TASK OBJECTIVE:
With the line containing "rows of P outside S and" as the start and the line containing "reciprocal model, which" as the end, transcribe that span of the entries below exactly, including both.

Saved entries
(* Two zero-mean nonsingular Gaussian reciprocal sequences over $[0,N]$ share the same reciprocal model if and only if they share the same reciprocal $CM_L$ model.
   Context: $[0,N]=(0,1,\ldots,N)$; $x=[x_0',\ldots,x_N']'$, $C=\mathrm{Cov}(x)$, $'$ denotes transpose. A sequence $[x_k]$ is reciprocal if for all $j<k<l$ in $[0,N]$ the conditional distribution of $x_k$ given $x_0,\ldots,x_j,x_l,\ldots,x_N$ equals that given $x_j,x_l$. Reciprocal model: a zero-mean nonsingular Gaussian reciprocal sequence obeys $R^0_kx_k-R^-_kx_{k-1}-R^+_kx_{k+1}=e^R_k$, $k\in[1,N-1]$, with $R^0_k=A_k$, $R^+_k=-B_k$, $R^-_k=-B_{k-1}'$, where $A_k$ is the $(k,k)$ block and $B_k$ the $(k,k+1)$ block of $C^{-1}$; two sequences share the same reciprocal model if these coefficients for $k\in[1,N-1]$ coincide. Reciprocal $CM_L$ model: a reciprocal sequence obeys $x_k=G_{k,k-1}x_{k-1}+G_{k,N}x_N+e_k$, $k\in[1,N-1]$, where $G_{k,k-1}x_{k-1}+G_{k,N}x_N=E[x_k\mid x_0,\ldots,x_{k-1},x_N]$ and $[e_k]$ is a zero-mean white Gaussian sequence with $G_k=\mathrm{Cov}(e_k)$; two sequences share the same reciprocal $CM_L$ model if the coefficients $G_{k,k-1},G_{k,N},G_k$, $k\in[1,N-1]$, coincide. *)

theory Defs
  imports "Jordan_Normal_Form.DL_Submatrix" "Jordan_Normal_Form.Gauss_Jordan_Elimination"
begin

text \<open>A zero-mean nonsingular Gaussian sequence x_0,...,x_N with x_k in R^d is described
by the covariance C = Cov(x) of the stacked vector x = [x_0',...,x_N']', an
((N+1)d) x ((N+1)d) real matrix; block k occupies coordinates k*d ..< (k+1)*d.\<close>

definition minv :: "real mat \<Rightarrow> real mat" where
  "minv M = the (mat_inverse M)"

definition blk :: "nat \<Rightarrow> nat \<Rightarrow> nat set" where
  "blk d k = {k * d ..< Suc k * d}"

definition blks :: "nat \<Rightarrow> nat set \<Rightarrow> nat set" where
  "blks d K = (\<Union>k\<in>K. blk d k)"

definition gauss_cov :: "nat \<Rightarrow> nat \<Rightarrow> real mat \<Rightarrow> bool" where
  "gauss_cov N d C \<longleftrightarrow> C \<in> carrier_mat (Suc N * d) (Suc N * d) \<and> transpose_mat C = C \<and>
     (\<forall>v \<in> carrier_vec (Suc N * d). v \<noteq> 0\<^sub>v (Suc N * d) \<longrightarrow> v \<bullet> (C *\<^sub>v v) > 0)"

text \<open>For a Gaussian vector, the conditional distribution of x_I given x_S is
N(K x_S, P) with K = C_IS C_SS^{-1} and P = C_II - C_IS C_SS^{-1} C_SI.
cond_gain gives K as a linear map on the whole stacked vector x (zero columns
outside S); cond_cov gives P.\<close>
definition cond_gain :: "real mat \<Rightarrow> nat set \<Rightarrow> nat set \<Rightarrow> real mat" where
  "cond_gain C I S = submatrix C I S * minv (submatrix C S S) * submatrix (1\<^sub>m (dim_row C)) S UNIV"

definition cond_cov :: "real mat \<Rightarrow> nat set \<Rightarrow> nat set \<Rightarrow> real mat" where
  "cond_cov C I S = submatrix C I I - submatrix C I S * minv (submatrix C S S) * submatrix C S I"

text \<open>Equality of the conditional distributions of x_I given x_S1 and given x_S2
(as Gaussian laws depending on the conditioning values).\<close>
definition same_cond_dist :: "real mat \<Rightarrow> nat set \<Rightarrow> nat set \<Rightarrow> nat set \<Rightarrow> bool" where
  "same_cond_dist C I S1 S2 \<longleftrightarrow>
     cond_gain C I S1 = cond_gain C I S2 \<and> cond_cov C I S1 = cond_cov C I S2"

definition reciprocal :: "nat \<Rightarrow> nat \<Rightarrow> real mat \<Rightarrow> bool" where
  "reciprocal N d C \<longleftrightarrow>
     (\<forall>j k l. j < k \<and> k < l \<and> l \<le> N \<longrightarrow>
        same_cond_dist C (blk d k) (blks d ({0..j} \<union> {l..N})) (blks d {j, l}))"

definition blockA :: "nat \<Rightarrow> real mat \<Rightarrow> nat \<Rightarrow> real mat" where
  "blockA d C k = submatrix (minv C) (blk d k) (blk d k)"

definition blockB :: "nat \<Rightarrow> real mat \<Rightarrow> nat \<Rightarrow> real mat" where
  "blockB d C k = submatrix (minv C) (blk d k) (blk d (Suc k))"

definition R0 :: "nat \<Rightarrow> real mat \<Rightarrow> nat \<Rightarrow> real mat" where
  "R0 d C k = blockA d C k"

definition Rplus :: "nat \<Rightarrow> real mat \<Rightarrow> nat \<Rightarrow> real mat" where
  "Rplus d C k = - blockB d C k"

definition Rminus :: "nat \<Rightarrow> real mat \<Rightarrow> nat \<Rightarrow> real mat" where
  "Rminus d C k = - transpose_mat (blockB d C (k - 1))"

definition same_reciprocal_model :: "nat \<Rightarrow> nat \<Rightarrow> real mat \<Rightarrow> real mat \<Rightarrow> bool" where
  "same_reciprocal_model N d C1 C2 \<longleftrightarrow>
     (\<forall>k \<in> {1 .. N - 1}. R0 d C1 k = R0 d C2 k \<and> Rplus d C1 k = Rplus d C2 k \<and>
                        Rminus d C1 k = Rminus d C2 k)"

text \<open>Reciprocal CM_L model: E[x_k | x_0..x_{k-1}, x_N] = G_{k,k-1} x_{k-1} + G_{k,N} x_N,
e_k = x_k - E[x_k | ...], G_k = Cov(e_k).\<close>
definition CML_cond :: "nat \<Rightarrow> nat \<Rightarrow> nat \<Rightarrow> nat set" where
  "CML_cond N d k = blks d ({0..<k} \<union> {N})"

definition G_prev :: "nat \<Rightarrow> nat \<Rightarrow> real mat \<Rightarrow> nat \<Rightarrow> real mat" where
  "G_prev N d C k = submatrix (cond_gain C (blk d k) (CML_cond N d k)) UNIV (blk d (k - 1))"

definition G_last :: "nat \<Rightarrow> nat \<Rightarrow> real mat \<Rightarrow> nat \<Rightarrow> real mat" where
  "G_last N d C k = submatrix (cond_gain C (blk d k) (CML_cond N d k)) UNIV (blk d N)"

definition G_cov :: "nat \<Rightarrow> nat \<Rightarrow> real mat \<Rightarrow> nat \<Rightarrow> real mat" where
  "G_cov N d C k = cond_cov C (blk d k) (CML_cond N d k)"

definition same_CML_model :: "nat \<Rightarrow> nat \<Rightarrow> real mat \<Rightarrow> real mat \<Rightarrow> bool" where
  "same_CML_model N d C1 C2 \<longleftrightarrow>
     (\<forall>k \<in> {1 .. N - 1}. G_prev N d C1 k = G_prev N d C2 k \<and> G_last N d C1 k = G_last N d C2 k \<and>
                        G_cov N d C1 k = G_cov N d C2 k)"

end

theory Submission
  imports Defs "Jordan_Normal_Form.Determinant"
begin

text \<open>For a Gaussian vector with covariance C and precision matrix P = C^-1, the law of x_I
  given x_S (I, S disjoint) is determined by the rows of P outside S; conversely, this law and the
  rows of P outside S and I determine the rows of P indexed by I.

  Reciprocity makes the interior block rows 1, ..., N - 1 of P block tridiagonal, so the
  reciprocal model, which lists their nonzero blocks, determines these rows, and hence every CM_L
  law: its conditioning set x_0, ..., x_(k-1), x_N leaves out only interior blocks. Conversely, by
  reciprocity the CM_L gain at k involves only x_(k-1) and x_N, so the CM_L model fixes the whole
  law of x_k given x_0, ..., x_(k-1), x_N, and a downward induction on k = N - 1, ..., 1 recovers
  the interior block rows of P, that is, the reciprocal model.\<close>

section \<open>Submatrices and selection matrices\<close>

lemma Collect_less_mem_eq: "S \<subseteq> {..<n} \<Longrightarrow> {i. i < n \<and> i \<in> S} = S"
  by auto

lemma inj_on_pick: "inj_on (pick S) {..<card S}"
  by (rule inj_onI) (metis lessThan_iff nat_neq_iff pick_mono_le)

lemma bij_betw_pick:
  assumes "finite S" shows "bij_betw (pick S) {..<card S} S"
proof -
  have "pick S ` {..<card S} \<subseteq> S" using pick_in_set_le by auto
  moreover have "card (pick S ` {..<card S}) = card S"
    using card_image[OF inj_on_pick] by simp
  ultimately have "pick S ` {..<card S} = S" using card_subset_eq[OF assms] by simp
  with inj_on_pick show ?thesis unfolding bij_betw_def by blast
qed

lemma sum_reindex_pick:
  assumes "finite S" shows "sum f S = (\<Sum>b<card S. f (pick S b))"
  using sum.reindex_bij_betw[OF bij_betw_pick[OF assms], of f] by simp

lemma pick_surj:
  assumes "finite S" "i \<in> S" obtains b where "b < card S" "i = pick S b"
proof -
  have "i \<in> pick S ` {..<card S}"
    using assms bij_betw_pick[OF assms(1)] unfolding bij_betw_def by simp
  with that show ?thesis by blast
qed

lemma pick_less: "S \<subseteq> {..<n} \<Longrightarrow> b < card S \<Longrightarrow> pick S b < n"
  using pick_in_set_le by auto

lemma sum_delta_left:
  fixes f :: "nat \<Rightarrow> 'a :: semiring_1"
  assumes "j < n" shows "(\<Sum>l<n. (if j = l then 1 else 0) * f l) = f j"
proof -
  have "(\<Sum>l<n. (if j = l then 1 else 0) * f l) = (\<Sum>l<n. if j = l then f l else 0)"
    by (rule sum.cong) auto
  with assms show ?thesis by simp
qed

RESULT FOR THIS TASK:
  rows of P outside S and I determine the rows of P indexed by I.

  Reciprocity makes the interior block rows 1, ..., N - 1 of P block tridiagonal, so the
  reciprocal model, which lists their nonzero blocks, determines these rows, and hence every CM_L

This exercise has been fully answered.